By Carolyn Hax
Washington Post Staff Writer
Wednesday, September 19, 2007

Howdy, Carolyn!

I've been married two years and we dated for more than two years before that. While we were dating, my wife forgot to tell me that she'd flip a switch and things would be totally different after I became her husband.

Before marriage, we used to do stuff I liked as well as stuff she liked. Now, if she doesn't want to do it, she won't do it.

Before marriage, she didn't have a problem with my many volunteer endeavors. Now, she believes I should just sit home with her.

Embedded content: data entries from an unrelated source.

(* Let $G=(V,E)$ be a multigraph (loops and parallel edges allowed) with $n$ vertices, $m$ edges and $c(G)$ components. Then $$P(\mathcal{H}_G,\lambda)=\lambda^{m-n+2c(G)}\cdot(-1)^{n+c(G)}\cdot T_G\!\left(1-\lambda^2,\tfrac{\lambda-1}{\lambda}\right).$$
   Context: A hypergraph $\mathcal{H}=(\mathcal{V},\mathcal{E})$ consists of a finite vertex set $\mathcal{V}$ and a set $\mathcal{E}$ of subsets of $\mathcal{V}$, each of size at least $1$, called edges. For a positive integer $\lambda$, a weak proper $\lambda$-colouring of $\mathcal{H}$ is a map $\phi:\mathcal{V}\to\{1,\dots,\lambda\}$ such that $|\{\phi(v):v\in e\}|>1$ for every $e\in\mathcal{E}$. $P(\mathcal{H},\lambda)$ denotes the number of weak proper $\lambda$-colourings of $\mathcal{H}$; it is a polynomial in $\lambda$ of degree $|\mathcal{V}|$. For a multigraph $G=(V,E)$, $\mathcal{H}_G$ is the hypergraph with vertex set $V\cup\{w_e:e\in E\}$ (the $w_e$ being distinct new vertices) and edge set $\{\{u_e,v_e,w_e\}: e\in E\}$, where $u_e,v_e$ are the ends of $e$ (so a loop $e$ at $u$ gives the edge $\{u,w_e\}$). The Tutte polynomial is $T_G(x,y)=\sum_{A\subseteq E}(x-1)^{r(E)-r(A)}(y-1)^{|A|-r(A)}$, where $r(A)=|V|-c(A)$ and $c(A)$ is the number of components of the spanning subgraph $(V,A)$; $c(G)=c(E)$. *)

theory Defs
  imports Complex_Main "HOL-Library.FuncSet"
begin

text \<open>A multigraph is given by a finite vertex set V, a finite edge set E and a map
  ends assigning to each edge its (unordered, here stored as a pair) ends; a loop e has
  fst (ends e) = snd (ends e). Parallel edges are distinct elements of E with equal ends.\<close>

definition multigraph :: "'v set \<Rightarrow> 'e set \<Rightarrow> ('e \<Rightarrow> 'v \<times> 'v) \<Rightarrow> bool" where
  "multigraph V E ends \<longleftrightarrow> finite V \<and> finite E \<and>
     (\<forall>e\<in>E. fst (ends e) \<in> V \<and> snd (ends e) \<in> V)"

definition adj :: "('e \<Rightarrow> 'v \<times> 'v) \<Rightarrow> 'e set \<Rightarrow> ('v \<times> 'v) set" where
  "adj ends A = {(u, v). \<exists>e\<in>A. ends e = (u, v) \<or> ends e = (v, u)}"

definition conn_rel :: "'v set \<Rightarrow> ('e \<Rightarrow> 'v \<times> 'v) \<Rightarrow> 'e set \<Rightarrow> ('v \<times> 'v) set" where
  "conn_rel V ends A = Id_on V \<union> (adj ends A \<inter> (V \<times> V))\<^sup>+"

definition ncomp :: "'v set \<Rightarrow> ('e \<Rightarrow> 'v \<times> 'v) \<Rightarrow> 'e set \<Rightarrow> nat" where
  "ncomp V ends A = card (V // conn_rel V ends A)"

definition rank :: "'v set \<Rightarrow> ('e \<Rightarrow> 'v \<times> 'v) \<Rightarrow> 'e set \<Rightarrow> nat" where
  "rank V ends A = card V - ncomp V ends A"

Before marriage, I had alcohol in the house and she didn't have a problem with it. Now, there is no alcohol allowed in the house because she claims it's her religious belief and I should respect it.

She wants me to stop writing letters to the editor to the local newspaper. She believes it reflects poorly on her because she is married to me.

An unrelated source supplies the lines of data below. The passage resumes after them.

theorem corollary5p5:
  fixes \<sigma> :: "'k::field_char_0 \<Rightarrow> 'k"
    and I :: "('n::finite, 'k) dpoly set"
  assumes "difference_field \<sigma>"
    and "sigma_ideal \<sigma> I" and "monomial_ideal I"
  shows "sigma_ideal \<sigma> (rwm_closure \<sigma> I) \<and> monomial_ideal (rwm_closure \<sigma> I)"
proof -
  let ?C = "rwm_closure \<sigma> I"
  have sig: "sigma_ideal \<sigma> ?C" and wm: "well_mixed \<sigma> ?C" and rad: "radical_set ?C"
    by (rule sigma_ideal_rwm_closure well_mixed_rwm_closure radical_set_rwm_closure)+
  then have ideal: "is_ideal ?C" by (simp add: sigma_ideal_def)
  obtain S where S: "S \<subseteq> range dmonomial" "I = ideal_gen S"
    using assms(3) unfolding monomial_ideal_def by blast
  have "S \<subseteq> ?C"
    using S(2) subset_ideal_gen subset_rwm_closure by blast
  then have "S \<subseteq> monomial_interior ?C"
    using S(1) dmonomial_mem_monomial_interior by blast
  then have "ideal_gen S \<subseteq> monomial_interior ?C"
    by (rule ideal_gen_least[OF is_ideal_monomial_interior[OF ideal]])
  then have "I \<subseteq> monomial_interior ?C"
    by (simp only: S(2)[symmetric])
  then have "?C \<subseteq> monomial_interior ?C"
    by (rule rwm_closure_least[OF sigma_ideal_monomial_interior[OF assms(1) sig]
          well_mixed_monomial_interior[OF assms(1) ideal wm rad] radical_set_monomial_interior[OF ideal rad]])
  then show ?thesis using sig monomial_idealI[OF ideal] by blast
qed

end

Before marriage, she lived at home. Now, she is constantly on the telephone with her grandmother, who raised her since early childhood. Her biblical beliefs have not extended to leaving her family and cleaving to the marriage.

I've offered counseling, but she won't go because she thinks I'm the one with the problems and I will manipulate the counselor to "my way," whatever that is.

Do you know of other females who are easygoing before marriage and then unleash all sorts of unreasonable demands after marriage, claiming, "That's what a husband should do"?

Who Stole My Wife?

Let's be clear. This isn't something "females" do; this is something the woman you married has done.

Hax-baiting aside, you present a classic marital bait-and-switch, which brides and grooms alike have suffered since cave newlyweds first discovered that all those heroic paintings were, in fact, painted by the previous dweller.